Inscription
Camps NP-2: 8 miles S of Wall on SD 240, 13 miles W (1 mi W of Sage Creek) S of road and NP-3: ¾ mile S of Cedar Pass Visitor Center. Company: 2754 (NP-2)-11/1/1939-10/24/1941 (NP-3) 10/24/41/3/25/42 The Civilian Conservation Corps was a federal work-relief program during the Great Depression. From 1933-1942, the CCC provided work for 31,097 jobless men in South Dakota - - about 1700 war veterans, 4554 American Indians, and 2834 supervisors.
The U.S. Army provided 200-man camps, food, clothing, medical care, and pay, and educational, recreational, and religious programs. The Office of Indian Affairs provided similar services for units on Indian reservations. Work of Camp Badlands, supervised by the National Park Service, was done in the 243,302-acre Badlands National Monument.

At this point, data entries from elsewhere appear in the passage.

lemma tau_primitive_le: "tau_primitive w \<le> - ln (1 - r) / (k * r)"
proof -
  have "ln ((1 - r) * exp (k * w)) \<le> ln (D w)"
    using r_pos r_less_1 D_pos[of w] unfolding D_def by simp
  then have "k * w - ln (D w) \<le> - ln (1 - r)"
    using r_less_1 by (simp add: ln_mult)
  then have "(k * w - ln (D w)) / k / r \<le> - ln (1 - r) / k / r"
    using k_pos r_pos by (intro divide_right_mono) auto
  then show ?thesis
    unfolding tau_primitive_def using k_pos by (simp add: diff_divide_distrib)
qed

lemma tau_primitive_tendsto: "(tau_primitive \<longlongrightarrow> - ln (1 - r) / (k * r)) at_top"
proof -
  have "(tau_primitive \<longlongrightarrow> - (ln (1 - r) * inverse k * inverse r)) at_top"
    unfolding tau_primitive_def[abs_def] D_def using k_pos r_pos r_less_1 by real_asymp
  then show ?thesis
    by (simp add: field_simps)
qed

text \<open>\<open>upper T\<close> bounds \<open>\<integral>\<^sub>0\<^sup>T F\<close> from above; it comes from integrating
  \<open>b F = p \<lambda>\<^bsup>n+1\<^esup> \<tau> F - F'\<close> after replacing \<open>F\<close> by \<open>\<lambda>\<close> in the first term.\<close>
definition "upper w = (p * lam ^ Suc (Suc n) * tau_primitive w + lam - F w) / b"
definition "upper' w =
  (p * lam ^ Suc (Suc n) * tau w - (lam * (p * F w ^ Suc n + (1 - p) * F w) - F w)) / b"

lemma upper_0: "upper 0 = 0"
  unfolding upper_def tau_primitive_0 F_0 by simp

lemma upper_deriv: "0 \<le> w \<Longrightarrow> (upper has_real_derivative upper' w) (at w within {0..})"
  unfolding upper_def[abs_def] upper'_def
  by (rule derivative_eq_intros F_deriv DERIV_subset[OF tau_primitive_deriv subset_UNIV] refl
      | assumption)+ (use b_pos in \<open>auto simp: field_simps\<close>)

lemma upper'_eq:
  assumes "0 \<le> w"
  shows "upper' w = F w + p * lam ^ Suc n * tau w * (lam - F w) / b"
proof -
  have "p * lam ^ Suc (Suc n) * tau w - (lam * (p * F w ^ Suc n + (1 - p) * F w) - F w)
      = b * F w + p * lam ^ Suc n * tau w * (lam - F w)"
    using F_power_eq[OF assms] unfolding b_def by (simp add: algebra_simps)
  then show ?thesis
    unfolding upper'_def using b_pos by (simp add: add_divide_distrib)
qed

lemma F_le_upper': "0 \<le> w \<Longrightarrow> F w \<le> upper' w"
  using upper'_eq[of w] F_le_lam[of w] p_pos lam_pos tau_pos[of w] b_pos by simp

lemma upper'_le:
  assumes "0 \<le> w"
  shows "upper' w \<le> F w + p * lam ^ Suc (Suc n) / (real n * b) * (tau w * ln (D w))"
proof -
  have "p * lam ^ Suc n * tau w * (lam - F w) / b
      \<le> p * lam ^ Suc n * tau w * (lam * ln (D w) / real n) / b"
    using lam_minus_F_le[OF assms] p_pos lam_pos tau_pos[of w] b_pos
    by (intro divide_right_mono mult_left_mono) auto
  then show ?thesis
    unfolding upper'_eq[OF assms] using n_pos by (simp add: field_simps)
qed

lemma F_integrable: "F integrable_on {0..T}"
  using F_continuous by (intro integrable_continuous_interval) (auto elim: continuous_on_subset)

lemma upper'_has_integral:
  assumes "0 \<le> T"
  shows "(upper' has_integral upper T) {0..T}"
proof -
  have "(upper' has_integral upper T - upper 0) {0..T}"
    using assms by (intro has_integral_real_derivative DERIV_subset[OF upper_deriv]) auto
  then show ?thesis
    by (simp add: upper_0)
qed

lemma integral_F_le_upper: "0 \<le> T \<Longrightarrow> integral {0..T} F \<le> upper T"
  by (rule has_integral_le[OF integrable_integral[OF F_integrable] upper'_has_integral])
    (auto intro: F_le_upper')

lemma upper_le_integral_F:
  assumes "0 \<le> T"
  shows "upper T - p * lam ^ Suc (Suc n) / (real n ^ 2 * b ^ 2) * (pi^2 / 6) \<le> integral {0..T} F"
proof -
  define c where "c = p * lam ^ Suc (Suc n) / (real n * b)"
  have "((\<lambda>w. F w + c * (tau w * ln (D w))) has_integral
      integral {0..T} F + c * integral {0..T} (\<lambda>w. tau w * ln (D w))) {0..T}"
    by (intro has_integral_add has_integral_mult_right integrable_integral F_integrable
        integrable_continuous_interval tau_ln_D_continuous)
  then have "upper T \<le> integral {0..T} F + c * integral {0..T} (\<lambda>w. tau w * ln (D w))"
    using upper'_le unfolding c_def
    by (intro has_integral_le[OF upper'_has_integral[OF assms]]) auto
  also have "\<dots> \<le> integral {0..T} F + c * (pi^2 / (6 * k))"
    using integral_tau_ln_D_le[OF assms] p_pos lam_pos n_pos b_pos unfolding c_def
    by (intro add_left_mono mult_left_mono) auto
  finally show ?thesis
    unfolding c_def k_def by (simp add: field_simps power2_eq_square)
qed

lemma Qtilde_eq:
  "Qtilde (Suc n) p lam = (p * lam ^ Suc (Suc n) * (- ln (1 - r) / (k * r)) + lam) / b"
proof -
  have "1 - r = (b - p * lam ^ Suc n) / b"
    using b_pos unfolding r_def by (simp add: diff_divide_distrib)
  then have ln_eq: "- ln (1 - r) = ln (b / (b - p * lam ^ Suc n))"
    using r_less_1 b_pos by (simp add: ln_div)
  have ratio: "p * lam ^ Suc (Suc n) / (k * r) = lam / real n"
    using b_times_r b_pos n_pos p_pos lam_pos unfolding k_def by (simp add: mult.assoc)
  have "p * lam ^ Suc (Suc n) * (- ln (1 - r) / (k * r))
      = p * lam ^ Suc (Suc n) / (k * r) * (- ln (1 - r))"
    by simp
  also have "\<dots> = lam / real n * ln (b / (b - p * lam ^ Suc n))"
    unfolding ratio ln_eq ..
  finally have limit: "p * lam ^ Suc (Suc n) * (- ln (1 - r) / (k * r))
      = lam / real n * ln (b / (b - p * lam ^ Suc n))" .
  have "Qtilde (Suc n) p lam = lam / b * (1 + 1 / real n * ln (b / (b - p * lam ^ Suc n)))"
    unfolding Qtilde_def Let_def b_def[symmetric] by simp
  then show ?thesis
    unfolding limit using b_pos n_pos by (simp add: field_simps)
qed

lemma upper_le_Qtilde:
  assumes "0 \<le> T"
  shows "upper T \<le> Qtilde (Suc n) p lam"
proof -
  have "p * lam ^ Suc (Suc n) * tau_primitive T
      \<le> p * lam ^ Suc (Suc n) * (- ln (1 - r) / (k * r))"
    using tau_primitive_le p_pos lam_pos by (intro mult_left_mono) auto
  then show ?thesis
    unfolding Qtilde_eq upper_def using F_pos[OF assms] b_pos by (intro divide_right_mono) auto
qed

The major project was the development of a water system that included the construction of a 20,000 gallon sump and pump house on the White River, five miles of ditch 6-to-12 feet deep, a reservoir nine feet deep and 50 feet in diameter at Cedar Pass and the connecting 4-and 6-inch pipe. Camp NP-3 was established to eliminate traveling 40 miles each way from Camp NP-2.

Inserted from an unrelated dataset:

(* Suppose $\mathfrak{c}^{\mathrm{cone}}_{d-1}<\infty$, and let $C\subset\mathbb{R}^d$ be a simplicial rational $d$-cone with extreme integral generators $v_1,\dots,v_d$. Then: (a) there is a system of unimodular subcones $C_1,\dots,C_k\subset C$ covering the corner of $C$ at $v_1$ such that $\mathrm{Hilb}(C_j)\subset(\mathfrak{c}^{\mathrm{cone}}_{d-1}+1)\Delta_C$ for all $j\in[1,k]$; (b) moreover, each element $w\ne v_1$ of $\mathrm{Hilb}(C_j)$, $j\in[1,k]$, has a representation $w=\xi_1v_1+\dots+\xi_dv_d$ with $\xi_1<1$.
   Context: Cones are polyhedral, rational, pointed; $\mathrm{Hilb}(C)$ is the minimal generating set of $C\cap\mathbb{Z}^d$; extreme integral generators are the primitive lattice vectors on the edges; $\Delta_C=\mathrm{conv}(O,\text{extreme integral generators})$. A unimodular cone is a simplicial cone $D$ whose extreme integral generators generate a direct summand of $\mathbb{Z}^d$ (equivalently $\Delta_D$ is a unimodular simplex). For an extreme generator $v$ of $C$, a system of subcones $C_1,\dots,C_k\subset C$ covers the corner of $C$ at $v$ if $v\in\mathrm{Hilb}(C_j)$ for all $j$ and $\bigcup_j C_j$ contains a neighborhood of $v$ in $C$. $\mathfrak{c}_{e}^{\mathrm{cone}}$ is the infimum of natural $c$ such that every rational $e$-dimensional cone $C\subset\mathbb{R}^e$ admits a unimodular cover $C=\bigcup_j C_j$ (finite family of unimodular cones with union $C$) with $\mathrm{Hilb}(C_j)\subset c\Delta_C$; since the notion is invariant under lattice isomorphisms, it applies to cones in any rank-$e$ lattice. *)

theory Defs
  imports Complex_Main "HOL-Library.Extended_Nat"
begin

Enrollees also erected the checking station at Pinnacles and the custodian’s residence at Cedar Pass, graveled Sage Creek road, back-sloped roadsides and surveyed proposed development sites. Erected in 1989 by CCC Alumni, the South Dakota State Historical Society, the South Dakota Department of Transportation and Badlands National Park.